### PROBLEM
One part of the entries below is wanted: the lines from the one containing "points of P, lowered" through the one containing "there are sets". Write those out exactly and nothing else.

### Stored data entries
(* Let $\Omega$ be a convex body contained in the unit ball whose volume is bounded below by a positive constant depending only on $d$, and let $f_0(x):=\|x\|^2$. There exist positive constants $c_1,c_2$ depending only on $d$ such that \[ \log N\big(c_1n^{-2/d}, \mathfrak{B}^{\mathcal{C}(\Omega)}_{\mathbb{P}_n}(f_0,t), \ell_{\mathbb{P}_n}\big)\ge\frac n8\quad\text{for all } t\ge c_2n^{-2/d}. \]
   Context: $\mathcal{S}=\delta\mathbb{Z}^d$; the points $X_1,\dots,X_n$ are an enumeration of $\mathcal{S}\cap\Omega$, $n=\#(\mathcal{S}\cap\Omega)$, with $\delta$ below a dimensional constant so that $2\le c_d\delta^{-d}\le n\le C_d\delta^{-d}$ for dimensional constants $c_d,C_d$. $\mathcal{C}(\Omega)$ is the class of convex functions on $\Omega$. $\ell_{\mathbb{P}_n}(f,g)=(\frac1n\sum_{i=1}^n(f(X_i)-g(X_i))^2)^{1/2}$ and $\mathfrak{B}^{\mathcal{F}}_{\mathbb{P}_n}(f,t)=\{g\in\mathcal{F}:\ell_{\mathbb{P}_n}(f,g)\le t\}$. $N(\varepsilon,A,\rho)$ denotes covering number. *)

theory Defs
  imports "HOL-Analysis.Analysis" "HOL-Library.Extended_Nat" "HOL-Library.Extended_Real"
begin

definition scaled_lattice :: "real \<Rightarrow> (real^'d) set" where
  "scaled_lattice \<delta> = {x. \<forall>i. \<exists>k::int. x $ i = \<delta> * of_int k}"

text \<open>Empirical L2 pseudometric over the finite design set P (the points X_1..X_n).\<close>
definition ell_Pn :: "(real^'d) set \<Rightarrow> ((real^'d) \<Rightarrow> real) \<Rightarrow> ((real^'d) \<Rightarrow> real) \<Rightarrow> real" where
  "ell_Pn P f g = sqrt ((1 / real (card P)) * (\<Sum>x\<in>P. (f x - g x)^2))"

text \<open>Convex functions on \<Omega> (values outside \<Omega> are irrelevant).\<close>
definition convex_class :: "(real^'d) set \<Rightarrow> ((real^'d) \<Rightarrow> real) set" where
  "convex_class \<Omega> = {f. convex_on \<Omega> f}"

definition emp_ball :: "('a \<Rightarrow> 'a \<Rightarrow> real) \<Rightarrow> 'a set \<Rightarrow> 'a \<Rightarrow> real \<Rightarrow> 'a set" where
  "emp_ball \<rho> F f t = {g \<in> F. \<rho> f g \<le> t}"

text \<open>Covering number: least number of \<rho>-balls of radius \<epsilon> (arbitrary centres) covering A;
  \<infinity> if no finite cover exists.\<close>
definition covering_number :: "real \<Rightarrow> 'a set \<Rightarrow> ('a \<Rightarrow> 'a \<Rightarrow> real) \<Rightarrow> enat" where
  "covering_number \<epsilon> A \<rho> =
     Inf {enat (card C) | C. finite C \<and> A \<subseteq> (\<Union>c\<in>C. {g. \<rho> c g \<le> \<epsilon>})}"

definition log_covering_number :: "real \<Rightarrow> 'a set \<Rightarrow> ('a \<Rightarrow> 'a \<Rightarrow> real) \<Rightarrow> ereal" where
  "log_covering_number \<epsilon> A \<rho> =
     (case covering_number \<epsilon> A \<rho> of enat k \<Rightarrow> ereal (ln (real k)) | \<infinity> \<Rightarrow> \<infinity>)"

end

theory Submission
  imports Defs
begin

(* Lattice points fill the convex body: the points of Omega whose delta-cube leaves Omega form
   finitely many exit sets {x in Omega. x + w notin Omega}, each of volume O(|w|) because its
   translates by multiples of w are pairwise disjoint; every other point lies in one of the n
   lattice cubes inside Omega. Hence n delta^d >= vol(Omega)/2, i.e. delta^2 >= c n^(-2/d).

   For S a subset of the lattice points P, the maximum of the tangent planes of ||x||^2 at the
   points of P, lowered by h <= delta^2 at the points of S, is convex and equals
   ||x||^2 - h 1_S on P. These 2^n functions lie within distance h of f0 and are pairwise
   h sqrt(|S Delta T| / n) apart, so a ball of radius h/8 contains at most as many of them as
   there are sets of size <= n/16, which is at most (5/4)^n 4^(n/16) <= 2^n e^(-n/8). *)

section \<open>Exit sets of convex bodies\<close>

definition exit_set :: "'a::real_vector set \<Rightarrow> 'a \<Rightarrow> 'a set" where
  "exit_set \<Omega> w = {x \<in> \<Omega>. x + w \<notin> \<Omega>}"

### OUTPUT OF THE TASK
   points of P, lowered by h <= delta^2 at the points of S, is convex and equals
   ||x||^2 - h 1_S on P. These 2^n functions lie within distance h of f0 and are pairwise
   h sqrt(|S Delta T| / n) apart, so a ball of radius h/8 contains at most as many of them as
   there are sets of size <= n/16, which is at most (5/4)^n 4^(n/16) <= 2^n e^(-n/8). *)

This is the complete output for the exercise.